Personal information
- Full name: James Edward Knowle Schofield
- Born: 1 November 1978 (age 47) Blackpool, Lancashire, England
- Batting: Right-handed
- Bowling: Right-arm fast-medium

Domestic team information
- 2001–2002: Hampshire

Career statistics
| Competition | First-class | List A |
| Matches | 4 | 1 |
| Runs scored | 43 | – |
| Batting average | 10.75 | – |
| 100s/50s | –/– | –/– |
| Top score | 21* | – |
| Balls bowled | 853 | 36 |
| Wickets | 19 | 1 |
| Bowling average | 25.10 | 22.00 |
| 5 wickets in innings | – | – |
| 10 wickets in match | – | – |
| Best bowling | 4/51 | 1/22 |
| Catches/stumpings | 1/– | –/– |
- Source: Cricinfo, 7 December 2009

= James Schofield (cricketer, born 1978) =

English cricketer

James Edward Knowle Schofield (born 1 November 1978) is an English former cricketer.

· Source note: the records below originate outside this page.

lemma card_le_card_basis_mod_prime:
  fixes Q :: "'a set" and B :: "'b set" and p :: int
    and f :: "'a \<Rightarrow> 'a \<Rightarrow> int" and C :: "'a \<Rightarrow> 'b \<Rightarrow> int" and g :: "'b \<Rightarrow> 'a \<Rightarrow> int"
  assumes "finite Q" "finite B" and p: "prime p"
    and repr: "\<And>x y. x \<in> Q \<Longrightarrow> y \<in> Q \<Longrightarrow> f x y = (\<Sum>S\<in>B. C x S * g S y)"
    and diag: "\<And>x. x \<in> Q \<Longrightarrow> \<not> p dvd f x x"
    and off: "\<And>x y. x \<in> Q \<Longrightarrow> y \<in> Q \<Longrightarrow> x \<noteq> y \<Longrightarrow> p dvd f x y"
  shows "card Q \<le> card B"
proof (rule ccontr)
  define m where "m = card Q"
  define N where "N = card B"
  assume "\<not> card Q \<le> card B"
  then have Nm: "N < m" by (simp add: m_def N_def)
  obtain q where q: "bij_betw q {0..<m} Q" using ex_bij_betw_nat_finite[OF \<open>finite Q\<close>] m_def by blast
  obtain s where s: "bij_betw s {0..<N} B" using ex_bij_betw_nat_finite[OF \<open>finite B\<close>] N_def by blast
  have qQ: "q i \<in> Q" if "i < m" for i using q that by (auto dest: bij_betw_apply)
  \<comment> \<open>The factorization (f x y) = (C x S) * (g S y) through B, padded with zeros to m x m.\<close>
  define MA where "MA = mat m m (\<lambda>(i, k). if k < N then C (q i) (s k) else 0)"
  define MB where "MB = mat m m (\<lambda>(k, j). if k < N then g (s k) (q j) else 0)"
  define MM where "MM = mat m m (\<lambda>(i, j). f (q i) (q j))"
  have carriers: "MA \<in> carrier_mat m m" "MB \<in> carrier_mat m m" "MM \<in> carrier_mat m m"
    unfolding MA_def MB_def MM_def by auto
  have "MA * MB = MM"
  proof (rule eq_matI)
    fix i j assume "i < dim_row MM" "j < dim_col MM"
    then have ij: "i < m" "j < m" unfolding MM_def by auto
    have "(MA * MB) $$ (i, j) = (\<Sum>k\<in>{0..<N}. C (q i) (s k) * g (s k) (q j))"
      using ij Nm unfolding MA_def MB_def
      by (simp add: scalar_prod_def, intro sum.mono_neutral_cong_right) auto
    also have "\<dots> = (\<Sum>S\<in>B. C (q i) S * g S (q j))"
      by (rule sum.reindex_bij_betw[OF s])
    also have "\<dots> = MM $$ (i, j)" using ij repr[OF qQ qQ] unfolding MM_def by simp
    finally show "(MA * MB) $$ (i, j) = MM $$ (i, j)" .
  qed (simp_all add: MA_def MB_def MM_def)
  moreover have "det MB = 0"
    by (rule det_zero_row[OF carriers(2), of "m - 1"]) (use Nm in \<open>auto simp: MB_def\<close>)
  ultimately have "det MM = 0" using det_mult[OF carriers(1,2)] by simp
  moreover have "\<not> p dvd det MM"
  proof (rule det_not_dvd_if_offdiag_dvd[OF carriers(3) p])
    show "\<not> p dvd MM $$ (i, i)" if "i < m" for i using diag[OF qQ] that by (simp add: MM_def)
    show "p dvd MM $$ (i, j)" if "i < m" "j < m" "i \<noteq> j" for i j
    proof -
      have "q i \<noteq> q j" using that bij_betw_imp_inj_on[OF q] by (auto simp: inj_on_def)
      then show ?thesis using off[OF qQ qQ] that by (simp add: MM_def)
    qed
  qed
  ultimately show False by simp
qed

section \<open>Multilinear functions of low degree on the cube\<close>

definition cube :: "nat \<Rightarrow> (nat \<Rightarrow> int) set" where
  "cube n = {z. \<forall>i\<in>{1..n}. z i \<in> {-1, 1}}"

definition small_subsets :: "nat \<Rightarrow> nat \<Rightarrow> nat set set" where
  "small_subsets n d = {S. S \<subseteq> {1..n} \<and> card S \<le> d}"

definition monomial :: "nat set \<Rightarrow> (nat \<Rightarrow> int) \<Rightarrow> int" where
  "monomial S z = (\<Prod>i\<in>S. z i)"

definition low_degree :: "nat \<Rightarrow> nat \<Rightarrow> ((nat \<Rightarrow> int) \<Rightarrow> int) \<Rightarrow> bool" where
  "low_degree n d g \<longleftrightarrow>
     (\<exists>c. \<forall>z\<in>cube n. g z = (\<Sum>S\<in>small_subsets n d. c S * monomial S z))"

lemma finite_small_subsets: "finite (small_subsets n d)"
  by (rule finite_subset[of _ "Pow {1..n}"]) (auto simp: small_subsets_def)

lemma card_small_subsets: "card (small_subsets n d) = (\<Sum>i=0..d. n choose i)"
proof -
  have layers: "small_subsets n d = (\<Union>i\<in>{0..d}. {S. S \<subseteq> {1..n} \<and> card S = i})"
    unfolding small_subsets_def by auto
  have "card (\<Union>i\<in>{0..d}. {S. S \<subseteq> {1..n} \<and> card S = i})
        = (\<Sum>i=0..d. card {S. S \<subseteq> {1..n} \<and> card S = i})"
    by (rule card_UN_disjoint) (auto intro: finite_subset[of _ "Pow {1..n}"])
  then show ?thesis by (simp add: layers n_subsets)
qed

lemma low_degree_cong:
  "(\<And>z. z \<in> cube n \<Longrightarrow> g z = h z) \<Longrightarrow> low_degree n d g \<Longrightarrow> low_degree n d h"
  unfolding low_degree_def by metis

Schofield was born at Blackpool in November 1978. Schofield began his career in county cricket with the Worcestershire Cricket Board, representing the Board in the MCCA Knockout Trophy between 1998 and 2000. Having trialled for several county second elevens, Schofield was signed by Hampshire in 2001 after taking 40 wickets for the Hampshire Second XI in six matches. He made his debut for Hampshire in a first-class match against the touring Australians at the Rose Bowl, taking the wicket of Matthew Hayden with his first ball. He would make three further first-class appearances for Hampshire, playing twice in the 2001 County Championship against Durham and Worcestershire, and once in the 2002 County Championship against Surrey. Schofield took 19 wickets in his four first-class matches with his right-arm fast-medium bowling, at an average of 25.10 and with best figures of 4 for 10. He also made a single List A one-day appearance for Hampshire against Worcestershire at Worcester in the 2001 Norwich Union League. He also took a wicket with his first ball in this match, when he dismissed Anurag Singh, achieving the rare feat of taking a wicket with his first deliveries in both first-class and List A cricket. Schofield was released by Hampshire at the end of the 2002 season, alongside Jason Laney and Irfan Shah.

In 2013, Schofield made a return to cricket for the small village club side of Easton and Martyr Worthy in Hampshire. He was later appointed bowling coach for the women's cricket team Southern Vipers in the Women's Cricket Super League.